*Assigned task:* Filter these entries, keeping only lines that hold the word "proof".

Stored data entries
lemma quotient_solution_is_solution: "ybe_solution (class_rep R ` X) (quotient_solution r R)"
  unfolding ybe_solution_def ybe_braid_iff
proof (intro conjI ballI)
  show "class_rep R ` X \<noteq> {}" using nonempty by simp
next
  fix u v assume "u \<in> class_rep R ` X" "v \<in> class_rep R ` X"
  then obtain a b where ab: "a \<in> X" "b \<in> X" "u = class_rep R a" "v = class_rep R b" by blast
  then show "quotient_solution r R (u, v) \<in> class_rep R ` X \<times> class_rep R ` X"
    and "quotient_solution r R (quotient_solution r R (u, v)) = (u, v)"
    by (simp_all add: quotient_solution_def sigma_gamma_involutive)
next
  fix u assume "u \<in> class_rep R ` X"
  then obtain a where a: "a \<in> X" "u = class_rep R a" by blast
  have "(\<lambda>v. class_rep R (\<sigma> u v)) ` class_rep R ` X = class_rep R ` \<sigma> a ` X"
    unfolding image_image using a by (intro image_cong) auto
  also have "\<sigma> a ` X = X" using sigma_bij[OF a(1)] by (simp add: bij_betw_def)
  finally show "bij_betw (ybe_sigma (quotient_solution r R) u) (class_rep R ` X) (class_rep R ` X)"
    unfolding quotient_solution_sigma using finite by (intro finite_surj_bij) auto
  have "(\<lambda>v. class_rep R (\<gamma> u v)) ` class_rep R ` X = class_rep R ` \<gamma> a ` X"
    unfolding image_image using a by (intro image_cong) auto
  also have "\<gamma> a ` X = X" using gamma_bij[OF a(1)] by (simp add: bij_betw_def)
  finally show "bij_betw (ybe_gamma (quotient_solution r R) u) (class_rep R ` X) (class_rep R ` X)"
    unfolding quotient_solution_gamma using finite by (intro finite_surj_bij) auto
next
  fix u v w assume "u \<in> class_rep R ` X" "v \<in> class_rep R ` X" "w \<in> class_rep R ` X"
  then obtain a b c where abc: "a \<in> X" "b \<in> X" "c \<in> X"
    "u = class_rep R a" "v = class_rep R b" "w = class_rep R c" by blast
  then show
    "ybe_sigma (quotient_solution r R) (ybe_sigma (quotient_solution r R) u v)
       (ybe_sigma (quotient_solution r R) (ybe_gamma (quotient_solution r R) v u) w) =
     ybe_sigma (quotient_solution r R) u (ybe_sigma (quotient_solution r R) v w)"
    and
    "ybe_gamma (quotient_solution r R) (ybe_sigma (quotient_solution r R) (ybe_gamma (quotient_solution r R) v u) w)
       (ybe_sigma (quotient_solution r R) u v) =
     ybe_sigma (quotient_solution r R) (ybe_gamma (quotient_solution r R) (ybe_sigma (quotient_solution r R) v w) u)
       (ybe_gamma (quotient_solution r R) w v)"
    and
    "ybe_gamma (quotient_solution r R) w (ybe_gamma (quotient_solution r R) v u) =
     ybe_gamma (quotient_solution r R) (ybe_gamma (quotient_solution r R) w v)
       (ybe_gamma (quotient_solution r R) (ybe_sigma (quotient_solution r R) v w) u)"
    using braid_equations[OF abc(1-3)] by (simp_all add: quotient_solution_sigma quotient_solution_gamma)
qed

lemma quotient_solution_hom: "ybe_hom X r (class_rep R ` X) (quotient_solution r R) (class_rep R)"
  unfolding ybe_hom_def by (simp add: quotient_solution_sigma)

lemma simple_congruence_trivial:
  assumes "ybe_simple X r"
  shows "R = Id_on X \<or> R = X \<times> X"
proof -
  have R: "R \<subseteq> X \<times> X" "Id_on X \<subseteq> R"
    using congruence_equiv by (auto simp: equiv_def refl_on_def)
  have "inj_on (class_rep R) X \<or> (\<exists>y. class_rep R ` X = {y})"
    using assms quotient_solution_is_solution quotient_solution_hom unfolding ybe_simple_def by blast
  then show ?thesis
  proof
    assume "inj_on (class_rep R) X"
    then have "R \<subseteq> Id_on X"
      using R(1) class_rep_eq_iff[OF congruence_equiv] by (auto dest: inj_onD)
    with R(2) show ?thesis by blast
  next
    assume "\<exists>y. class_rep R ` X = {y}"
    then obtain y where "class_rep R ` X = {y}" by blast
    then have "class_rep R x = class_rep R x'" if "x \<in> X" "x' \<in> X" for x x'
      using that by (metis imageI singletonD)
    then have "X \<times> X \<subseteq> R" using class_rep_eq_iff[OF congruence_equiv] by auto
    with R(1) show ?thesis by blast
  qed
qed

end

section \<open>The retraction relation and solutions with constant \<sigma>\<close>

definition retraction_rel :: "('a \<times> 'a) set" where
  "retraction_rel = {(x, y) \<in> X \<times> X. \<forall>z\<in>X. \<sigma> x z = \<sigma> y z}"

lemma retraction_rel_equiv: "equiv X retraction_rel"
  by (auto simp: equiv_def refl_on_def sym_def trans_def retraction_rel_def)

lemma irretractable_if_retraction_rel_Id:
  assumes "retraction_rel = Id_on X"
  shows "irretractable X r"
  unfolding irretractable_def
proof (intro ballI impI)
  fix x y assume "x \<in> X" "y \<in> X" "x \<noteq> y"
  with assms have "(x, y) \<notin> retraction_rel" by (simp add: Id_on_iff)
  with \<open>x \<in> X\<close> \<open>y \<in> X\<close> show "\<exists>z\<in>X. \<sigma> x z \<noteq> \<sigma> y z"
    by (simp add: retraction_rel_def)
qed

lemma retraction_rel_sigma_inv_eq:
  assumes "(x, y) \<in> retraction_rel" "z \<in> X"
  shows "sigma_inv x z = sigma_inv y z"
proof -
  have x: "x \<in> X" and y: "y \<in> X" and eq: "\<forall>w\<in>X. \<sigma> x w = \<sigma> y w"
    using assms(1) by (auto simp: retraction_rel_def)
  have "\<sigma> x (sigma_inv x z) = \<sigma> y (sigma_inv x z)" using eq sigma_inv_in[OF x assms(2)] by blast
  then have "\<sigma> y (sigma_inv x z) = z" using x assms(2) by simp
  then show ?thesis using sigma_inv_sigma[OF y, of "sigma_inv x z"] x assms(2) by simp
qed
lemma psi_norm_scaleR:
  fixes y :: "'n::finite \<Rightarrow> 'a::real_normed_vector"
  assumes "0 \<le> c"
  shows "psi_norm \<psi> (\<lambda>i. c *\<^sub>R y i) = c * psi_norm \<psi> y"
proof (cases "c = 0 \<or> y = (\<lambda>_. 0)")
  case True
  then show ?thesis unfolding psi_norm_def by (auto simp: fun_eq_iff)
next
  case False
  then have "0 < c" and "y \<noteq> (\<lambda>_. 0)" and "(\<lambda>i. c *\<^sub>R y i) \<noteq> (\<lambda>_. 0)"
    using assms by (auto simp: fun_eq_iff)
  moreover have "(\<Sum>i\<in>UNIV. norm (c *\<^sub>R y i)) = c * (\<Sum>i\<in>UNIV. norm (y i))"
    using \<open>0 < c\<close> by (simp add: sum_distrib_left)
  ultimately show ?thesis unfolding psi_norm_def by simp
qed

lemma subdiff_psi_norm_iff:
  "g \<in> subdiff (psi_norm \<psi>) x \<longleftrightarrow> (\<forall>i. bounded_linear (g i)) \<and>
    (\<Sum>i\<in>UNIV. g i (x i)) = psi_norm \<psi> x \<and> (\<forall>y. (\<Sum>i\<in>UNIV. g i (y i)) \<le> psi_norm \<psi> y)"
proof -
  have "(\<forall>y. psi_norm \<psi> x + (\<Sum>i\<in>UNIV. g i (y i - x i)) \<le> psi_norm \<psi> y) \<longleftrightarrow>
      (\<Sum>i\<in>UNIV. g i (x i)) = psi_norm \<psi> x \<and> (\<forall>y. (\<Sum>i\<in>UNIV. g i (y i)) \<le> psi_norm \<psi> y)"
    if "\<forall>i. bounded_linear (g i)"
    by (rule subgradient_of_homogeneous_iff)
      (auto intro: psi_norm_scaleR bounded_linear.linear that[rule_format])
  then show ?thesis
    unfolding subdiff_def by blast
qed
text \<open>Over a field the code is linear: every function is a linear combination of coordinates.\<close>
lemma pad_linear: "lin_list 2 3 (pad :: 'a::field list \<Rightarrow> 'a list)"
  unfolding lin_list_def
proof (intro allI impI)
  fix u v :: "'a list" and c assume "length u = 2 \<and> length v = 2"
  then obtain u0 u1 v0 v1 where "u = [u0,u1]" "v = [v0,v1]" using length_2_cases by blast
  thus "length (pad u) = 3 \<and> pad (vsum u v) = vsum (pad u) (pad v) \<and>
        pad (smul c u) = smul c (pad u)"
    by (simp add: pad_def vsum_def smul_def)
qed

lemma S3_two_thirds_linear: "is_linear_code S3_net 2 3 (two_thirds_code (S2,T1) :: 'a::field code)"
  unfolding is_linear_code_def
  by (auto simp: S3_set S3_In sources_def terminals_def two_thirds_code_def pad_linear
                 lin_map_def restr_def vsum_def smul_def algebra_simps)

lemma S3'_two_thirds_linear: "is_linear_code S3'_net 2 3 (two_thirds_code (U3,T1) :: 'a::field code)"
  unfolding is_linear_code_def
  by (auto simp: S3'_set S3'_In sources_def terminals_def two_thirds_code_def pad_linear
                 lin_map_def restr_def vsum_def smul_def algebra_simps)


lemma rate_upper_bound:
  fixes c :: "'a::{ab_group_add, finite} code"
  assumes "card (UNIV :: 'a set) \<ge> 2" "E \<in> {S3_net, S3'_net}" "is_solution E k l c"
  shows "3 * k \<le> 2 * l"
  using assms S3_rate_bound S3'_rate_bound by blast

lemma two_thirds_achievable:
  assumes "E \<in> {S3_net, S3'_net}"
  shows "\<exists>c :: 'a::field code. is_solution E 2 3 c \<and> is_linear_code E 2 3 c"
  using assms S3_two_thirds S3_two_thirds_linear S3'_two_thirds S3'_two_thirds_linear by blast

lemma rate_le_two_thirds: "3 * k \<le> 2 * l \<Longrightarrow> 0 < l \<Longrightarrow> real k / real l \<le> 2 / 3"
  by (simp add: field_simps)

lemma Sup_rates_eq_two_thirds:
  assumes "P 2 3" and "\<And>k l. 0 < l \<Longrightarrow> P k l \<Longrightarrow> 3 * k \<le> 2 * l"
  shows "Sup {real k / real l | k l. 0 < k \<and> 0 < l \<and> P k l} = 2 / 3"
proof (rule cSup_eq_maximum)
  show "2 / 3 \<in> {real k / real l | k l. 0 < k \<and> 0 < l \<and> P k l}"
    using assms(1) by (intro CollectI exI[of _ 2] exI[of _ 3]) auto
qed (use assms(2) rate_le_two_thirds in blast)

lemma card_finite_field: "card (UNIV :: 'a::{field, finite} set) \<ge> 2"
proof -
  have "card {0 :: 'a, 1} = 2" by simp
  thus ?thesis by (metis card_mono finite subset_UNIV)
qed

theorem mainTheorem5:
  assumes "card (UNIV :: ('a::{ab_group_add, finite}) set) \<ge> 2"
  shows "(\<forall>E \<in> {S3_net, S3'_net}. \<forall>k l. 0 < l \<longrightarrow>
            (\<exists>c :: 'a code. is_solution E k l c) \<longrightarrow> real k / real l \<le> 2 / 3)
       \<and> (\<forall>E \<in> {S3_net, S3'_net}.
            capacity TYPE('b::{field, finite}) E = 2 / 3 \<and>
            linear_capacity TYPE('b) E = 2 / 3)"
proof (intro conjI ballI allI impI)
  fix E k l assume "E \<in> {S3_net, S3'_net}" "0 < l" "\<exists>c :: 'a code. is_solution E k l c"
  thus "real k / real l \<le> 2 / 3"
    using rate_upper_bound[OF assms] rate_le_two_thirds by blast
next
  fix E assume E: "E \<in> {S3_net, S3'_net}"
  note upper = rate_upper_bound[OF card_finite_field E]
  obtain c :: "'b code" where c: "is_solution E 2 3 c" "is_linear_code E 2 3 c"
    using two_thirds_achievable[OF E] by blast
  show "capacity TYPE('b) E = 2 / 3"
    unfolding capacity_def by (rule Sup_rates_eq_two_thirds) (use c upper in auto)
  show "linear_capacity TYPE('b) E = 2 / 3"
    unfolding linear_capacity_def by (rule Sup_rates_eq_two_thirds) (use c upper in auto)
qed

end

*The completed task:*
proof (intro conjI ballI)
proof -
  proof
proof (intro ballI impI)
proof -
proof (cases "c = 0 \<or> y = (\<lambda>_. 0)")
proof -
proof (intro allI impI)
proof (rule cSup_eq_maximum)
proof -
proof (intro conjI ballI allI impI)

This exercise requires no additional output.